Completion devices such as fracturing balls, discs, and plugs are often used for downhole fluid and pressure control. Current polymer material must be milled away, flowed back or otherwise removed before production. Severe deformation of currently used materials that prevent flowback have been reported, requiring costly intervention operations to either remove or replace the tools and resulting in higher operational inefficiency. Using controlled electrolytic metallic (CEM) material eliminates this possibility. The new material is inherently designed for in-situ digestion in downhole environments at a controlled customizable rate.

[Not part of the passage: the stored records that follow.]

text \<open>Conjugating by a Cayley map that sends \<open>z_n\<close> to infinity turns \<open>f_n\<close> into an affine
  self-map \<open>u \<mapsto> \<gamma>_n u + \<beta>_n\<close> of the upper half-plane, where \<open>\<gamma>_n = 1/|f_n'(z_n)|\<close> and
  \<open>Im \<beta>_n > 0\<close> because \<open>f_n(D) \<noteq> D\<close>. Hence \<open>F_n\<close> becomes \<open>u \<mapsto> \<gamma>_1\<cdots>\<gamma>_n u + b_n\<close>, and
  \<open>F_n\<close> maps the closed disc onto the horodisc at \<open>z_0\<close> of height
  \<open>Im b_n = \<Sum>_{k<n} \<gamma>_1\<cdots>\<gamma>_k Im \<beta>_{k+1}\<close>. A map in \<open>M(D)\<close> sends only one boundary point
  to the circle, so a finite generating set gives bounds \<open>0 < lo \<le> Im \<beta>_n\<close>, \<open>|\<beta>_n| \<le> hi\<close>;
  thus the horodiscs shrink to a disc of positive radius iff \<open>\<Sum> \<gamma>_1\<cdots>\<gamma>_n < \<infinity>\<close>. In that case
  \<open>b_n\<close> converges in the closed upper half-plane and \<open>\<gamma>_1\<cdots>\<gamma>_n \<longrightarrow> 0\<close>, so \<open>F_n(j)\<close> tends
  to the inverse Cayley image of \<open>lim b_n\<close>, which is never \<open>z_0\<close>.\<close>

section \<open>Moebius maps as coefficient tuples\<close>

fun mob_mult :: "mob \<Rightarrow> mob \<Rightarrow> mob" where
  "mob_mult (a, b, c, d) (a', b', c', d') = (a*a' + b*c', a*b' + b*d', c*a' + d*c', c*b' + d*d')"

fun mob_scale :: "complex \<Rightarrow> mob \<Rightarrow> mob" where
  "mob_scale k (a, b, c, d) = (k*a, k*b, k*c, k*d)"

lemma mob_fun_mult:
  assumes "c'*z + d' \<noteq> 0"
  shows "mob_fun (a, b, c, d) (mob_fun (a', b', c', d') z) = mob_fun (mob_mult (a, b, c, d) (a', b', c', d')) z"
proof -
  have "c*((a'*z + b')/(c'*z + d')) + d = ((c*a' + d*c')*z + (c*b' + d*d'))/(c'*z + d')"
    "a*((a'*z + b')/(c'*z + d')) + b = ((a*a' + b*c')*z + (a*b' + b*d'))/(c'*z + d')"
    using assms by (simp_all add: divide_simps) (simp_all add: algebra_simps)
  then show ?thesis using assms by simp
qed

lemma mob_fun_scale: "k \<noteq> 0 \<Longrightarrow> mob_fun (mob_scale k g) z = mob_fun g z"
  by (cases g) (simp add: distrib_left[symmetric] mult.assoc)

lemma deriv_mob_fun:
  assumes "c*w + d \<noteq> 0"
  shows "deriv (mob_fun (a, b, c, d)) w = (a*d - b*c)/(c*w + d)\<^sup>2"
proof -
  have "mob_fun (a, b, c, d) = (\<lambda>z. (a*z + b)/(c*z + d))"
    by (rule ext) simp
  moreover have "((\<lambda>z. (a*z + b)/(c*z + d)) has_field_derivative (a*d - b*c)/(c*w + d)\<^sup>2) (at w)"
    using assms by (auto intro!: derivative_eq_intros simp: power2_eq_square algebra_simps)
  ultimately show ?thesis
    using DERIV_imp_deriv by metis
qed

lemma mob_fun_inj:
  assumes "a*d - b*c \<noteq> 0" "c*z + d \<noteq> 0" "c*w + d \<noteq> 0"
    and "mob_fun (a, b, c, d) z = mob_fun (a, b, c, d) w"
  shows "z = w"
proof -
  have "(a*z + b)*(c*w + d) = (a*w + b)*(c*z + d)"
    using assms(2-4) by (simp add: field_simps)
  then have "(a*d - b*c)*(z - w) = 0"
    by (simp add: algebra_simps)
  then show ?thesis
    using assms(1) by simp
qed

lemma divide_eq_mult_cnj: "Y \<noteq> 0 \<Longrightarrow> X / Y = X * cnj Y / complex_of_real ((cmod Y)\<^sup>2)"
  unfolding complex_norm_square by (simp add: divide_simps)

lemma poincare_ext_denominator_pos:
  assumes "t > 0" "c \<noteq> 0 \<or> d \<noteq> 0"
  shows "(cmod (c*x + d))\<^sup>2 + (cmod c)\<^sup>2 * t\<^sup>2 > 0"
  using assms by (cases "c = 0") (auto intro: add_nonneg_pos)

lemma poincare_ext_scale: "k \<noteq> 0 \<Longrightarrow> poincare_ext (mob_scale k g) P = poincare_ext g P"
proof -
  assume k: "k \<noteq> 0"
  obtain a b c d where g: "g = (a, b, c, d)" by (cases g)
  obtain x t where P: "P = (x, t)" by (cases P)
  have 1: "k*c*x + k*d = k*(c*x + d)" "k*a*x + k*b = k*(a*x + b)"
    "k*a*(k*d) - k*b*(k*c) = k^2*(a*d - b*c)"
    by (simp_all add: algebra_simps power2_eq_square)
  have N: "(cmod (k*(c*x + d)))\<^sup>2 + (cmod (k*c))\<^sup>2 * t\<^sup>2 = (cmod k)\<^sup>2 * ((cmod (c*x + d))\<^sup>2 + (cmod c)\<^sup>2 * t\<^sup>2)"
    by (simp only: norm_mult power_mult_distrib) (simp add: algebra_simps)
  have num: "(k*(a*x + b))*cnj(k*(c*x + d)) + k*a*cnj(k*c)*complex_of_real (t\<^sup>2)
      = complex_of_real ((cmod k)\<^sup>2) * ((a*x + b)*cnj(c*x + d) + a*cnj c * complex_of_real (t\<^sup>2))"
    unfolding complex_norm_square by (simp add: algebra_simps)
  show ?thesis unfolding g P
    using k by (simp only: mob_scale.simps poincare_ext.simps Let_def 1 N num of_real_mult prod.inject)
      (simp add: norm_mult norm_power)
qed

lemma poincare_ext_mult_denominator:
  fixes a b c d a' b' c' d' x s :: complex
  assumes "cnj s = s"
  defines "X \<equiv> (a'*x + b')*cnj(c'*x + d') + a'*cnj c' * s"
    and "D \<equiv> (c'*x + d')*cnj(c'*x + d') + c'*cnj c' * s"
  shows "(c*X + d*D)*cnj(c*X + d*D) + c*cnj c*((a'*d' - b'*c')*cnj(a'*d' - b'*c') * s)
    = D * (((c*a' + d*c')*x + (c*b' + d*d'))*cnj((c*a' + d*c')*x + (c*b' + d*d')) + (c*a' + d*c')*cnj(c*a' + d*c')* s)"
  unfolding X_def D_def using assms by (simp add: algebra_simps)

lemma poincare_ext_mult_numerator:
  fixes a b c d a' b' c' d' x s :: complex
  assumes "cnj s = s"
  defines "X \<equiv> (a'*x + b')*cnj(c'*x + d') + a'*cnj c' * s"
    and "D \<equiv> (c'*x + d')*cnj(c'*x + d') + c'*cnj c' * s"
  shows "(a*X + b*D)*cnj(c*X + d*D) + a*cnj c*((a'*d' - b'*c')*cnj(a'*d' - b'*c') * s)
    = D * (((a*a' + b*c')*x + (a*b' + b*d'))*cnj((c*a' + d*c')*x + (c*b' + d*d')) + (a*a' + b*c')*cnj(c*a' + d*c')* s)"
  unfolding X_def D_def using assms by (simp add: algebra_simps)
lemma poincare_ext_mult_height:
  fixes a b c d a' b' c' d' x :: complex and t :: real
  defines "D \<equiv> (cmod (c'*x + d'))\<^sup>2 + (cmod c')\<^sup>2*t\<^sup>2"
    and "X \<equiv> (a'*x + b')*cnj(c'*x + d') + a'*cnj c' * complex_of_real (t\<^sup>2)"
    and "T \<equiv> cmod (a'*d' - b'*c') * t"
    and "N \<equiv> (cmod ((c*a' + d*c')*x + (c*b' + d*d')))\<^sup>2 + (cmod (c*a' + d*c'))\<^sup>2*t\<^sup>2"
  assumes D0: "D \<noteq> 0"
  shows "(cmod (c * (X / complex_of_real D) + d))\<^sup>2 + (cmod c)\<^sup>2 * (T/D)\<^sup>2 = N / D"
proof -
  have Dc: "complex_of_real D = (c'*x + d')*cnj(c'*x + d') + c'*cnj c' * complex_of_real (t\<^sup>2)"
    unfolding D_def by (simp only: of_real_add of_real_mult complex_norm_square)
  have T2: "complex_of_real (T\<^sup>2) = (a'*d' - b'*c')*cnj(a'*d' - b'*c') * complex_of_real (t\<^sup>2)"
    unfolding T_def by (simp only: power_mult_distrib of_real_mult complex_norm_square)
  have Nc: "complex_of_real N = ((c*a' + d*c')*x + (c*b' + d*d'))*cnj((c*a' + d*c')*x + (c*b' + d*d'))
      + (c*a' + d*c')*cnj(c*a' + d*c')*complex_of_real (t\<^sup>2)"
    unfolding N_def by (simp only: of_real_add of_real_mult complex_norm_square)
  have "complex_of_real ((cmod (c*X + d*D))\<^sup>2 + (cmod c)\<^sup>2 * T\<^sup>2) = complex_of_real (D * N)"
    using poincare_ext_mult_denominator[where s="complex_of_real (t\<^sup>2)" and a'=a' and b'=b' and c'=c'
        and d'=d' and x=x and c=c and d=d]
    by (simp only: complex_cnj_complex_of_real of_real_add of_real_mult complex_norm_square T2 Dc Nc X_def)
  then have denom: "(cmod (c*X + d*D))\<^sup>2 + (cmod c)\<^sup>2 * T\<^sup>2 = D * N"
    using of_real_eq_iff by blast
  have cz: "c * (X / complex_of_real D) + d = (c*X + d*D) / complex_of_real D"
    using D0 by (simp add: field_simps)
  have "(cmod (c * (X / complex_of_real D) + d))\<^sup>2 + (cmod c)\<^sup>2 * (T/D)\<^sup>2
      = ((cmod (c*X + d*D))\<^sup>2 + (cmod c)\<^sup>2 * T\<^sup>2) / D\<^sup>2"
    unfolding cz norm_divide norm_of_real using D0 by (simp add: power_divide add_divide_distrib)
  also have "\<dots> = N / D"
    using denom D0 by (simp add: power2_eq_square)
  finally show ?thesis .
qed

lemma poincare_ext_mult_point:
  fixes a b c d a' b' c' d' x :: complex and t :: real
  defines "D \<equiv> (cmod (c'*x + d'))\<^sup>2 + (cmod c')\<^sup>2*t\<^sup>2"
    and "X \<equiv> (a'*x + b')*cnj(c'*x + d') + a'*cnj c' * complex_of_real (t\<^sup>2)"
    and "T \<equiv> cmod (a'*d' - b'*c') * t"
  assumes D0: "D \<noteq> 0"
  shows "(a * (X / complex_of_real D) + b) * cnj (c * (X / complex_of_real D) + d)
      + a * cnj c * complex_of_real ((T / D)\<^sup>2)
    = complex_of_real D * (((a*a' + b*c')*x + (a*b' + b*d'))*cnj((c*a' + d*c')*x + (c*b' + d*d'))
      + (a*a' + b*c')*cnj(c*a' + d*c')*complex_of_real (t\<^sup>2)) / complex_of_real (D\<^sup>2)"
proof -
  have Dc: "complex_of_real D = (c'*x + d')*cnj(c'*x + d') + c'*cnj c' * complex_of_real (t\<^sup>2)"
    unfolding D_def by (simp only: of_real_add of_real_mult complex_norm_square)
  have T2: "complex_of_real (T\<^sup>2) = (a'*d' - b'*c')*cnj(a'*d' - b'*c') * complex_of_real (t\<^sup>2)"
    unfolding T_def by (simp only: power_mult_distrib of_real_mult complex_norm_square)
  have cz: "c * (X / complex_of_real D) + d = (c*X + d*D) / complex_of_real D"
    and az: "a * (X / complex_of_real D) + b = (a*X + b*D) / complex_of_real D"
    using D0 by (simp_all add: field_simps)
  have "(a * (X / complex_of_real D) + b) * cnj (c * (X / complex_of_real D) + d)
      + a * cnj c * complex_of_real ((T / D)\<^sup>2)
      = ((a*X + b*D)*cnj(c*X + d*D) + a*cnj c*complex_of_real (T\<^sup>2)) / complex_of_real (D\<^sup>2)"
    unfolding az cz using D0 by (simp add: field_simps power2_eq_square)
  also have "(a*X + b*D)*cnj(c*X + d*D) + a*cnj c*complex_of_real (T\<^sup>2)
      = complex_of_real D * (((a*a' + b*c')*x + (a*b' + b*d'))*cnj((c*a' + d*c')*x + (c*b' + d*d'))
        + (a*a' + b*c')*cnj(c*a' + d*c')*complex_of_real (t\<^sup>2))"
    using poincare_ext_mult_numerator[where s="complex_of_real (t\<^sup>2)" and a'=a' and b'=b' and c'=c'
        and d'=d' and x=x and a=a and b=b and c=c and d=d]
    by (simp only: complex_cnj_complex_of_real T2 Dc X_def)
  finally show ?thesis .
qed

lemma poincare_ext_mult:
  assumes t: "t > 0" and inner: "c' \<noteq> 0 \<or> d' \<noteq> 0"
    and outer: "c*a' + d*c' \<noteq> 0 \<or> c*b' + d*d' \<noteq> 0"
  shows "poincare_ext (a, b, c, d) (poincare_ext (a', b', c', d') (x, t))
       = poincare_ext (mob_mult (a, b, c, d) (a', b', c', d')) (x, t)"
proof -
  define D where "D = (cmod (c'*x + d'))\<^sup>2 + (cmod c')\<^sup>2*t\<^sup>2"
  define X where "X = (a'*x + b')*cnj(c'*x + d') + a'*cnj c' * complex_of_real (t\<^sup>2)"
  define T where "T = cmod (a'*d' - b'*c') * t"
  define N where "N = (cmod ((c*a' + d*c')*x + (c*b' + d*d')))\<^sup>2 + (cmod (c*a' + d*c'))\<^sup>2*t\<^sup>2"
  have D0: "D \<noteq> 0" and N0: "N \<noteq> 0"
    unfolding D_def N_def using poincare_ext_denominator_pos[OF t] inner outer by (metis less_irrefl)+
  have det: "cmod (a*d - b*c) * cmod (a'*d' - b'*c')
      = cmod ((a*a' + b*c')*(c*b' + d*d') - (a*b' + b*d')*(c*a' + d*c'))"
  proof -
    have "(a*a' + b*c')*(c*b' + d*d') - (a*b' + b*d')*(c*a' + d*c') = (a*d - b*c)*(a'*d' - b'*c')"
      by (simp add: algebra_simps)
    then show ?thesis
      by (simp add: norm_mult)
  qed
  have inner_eq: "poincare_ext (a', b', c', d') (x, t) = (X / complex_of_real D, T / D)"
    by (simp add: Let_def D_def X_def T_def)
  show ?thesis
    unfolding inner_eq
    unfolding mob_mult.simps poincare_ext.simps Let_def
    unfolding poincare_ext_mult_height[where a'=a' and b'=b' and c'=c' and d'=d' and c=c and d=d
        and x=x and t=t, folded D_def X_def T_def N_def, OF D0]
      prod.inject
    apply (intro conjI)
    subgoal
      using poincare_ext_mult_point[where a'=a' and b'=b' and c'=c' and d'=d' and a=a and b=b
          and c=c and d=d and x=x and t=t, folded D_def X_def T_def, OF D0] D0 N0
      unfolding N_def[symmetric] by (simp add: field_simps power2_eq_square)
    subgoal
      using D0 N0 det unfolding N_def[symmetric] T_def by (simp add: field_simps)
    done
qed

lemma poincare_ext_upper_triangular:
  assumes "D \<noteq> 0"
  shows "poincare_ext (A, B, 0, D) (u, s) = ((A*u + B)/D, cmod (A/D) * s)"
  using assms complex_norm_square[of D]
  by (simp add: Let_def norm_mult norm_divide power2_eq_square field_simps)
section \<open>Cayley maps and horodiscs\<close>

text \<open>For \<open>|w| = 1\<close>, \<open>cayley w\<close> is the Cayley map \<open>z \<mapsto> i(z + w)/(w - z)\<close>: it sends the
  unit disc onto the upper half-plane, the unit circle onto the real axis and \<open>w\<close> to infinity.\<close>
definition cayley :: "complex \<Rightarrow> mob" where
  "cayley w = (\<i>, \<i>*w, -1, w)"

Conventional degradable materials have a well-known tradeoff between dissolution rate and mechanical strength, which limits their utility. Increasing the dissolution rate often lowers the mechanical strength of the material below an acceptable threshold for many downhole applications. Using a reactive material with a blended nanostructured coating of ceramic and/or metallics provides the strength for initial operation and the ability to control the rate of corrosion later in the product's operation cycle. CEM materials have three times the strength of their base material and the corrosion rate can vary by a factor of several hundred, as compared to the base material. Corrosion rate could be further accelerated in HCl, thus providing operational flexibility. Experiments in various fluids and temperatures validate the corrodibility of CEM material.
This paper will present the chemistry and layering of the nanoscale coating within the grain structure, the unique material properties, and lab testing data of this truly interventionless nanostructured material technology.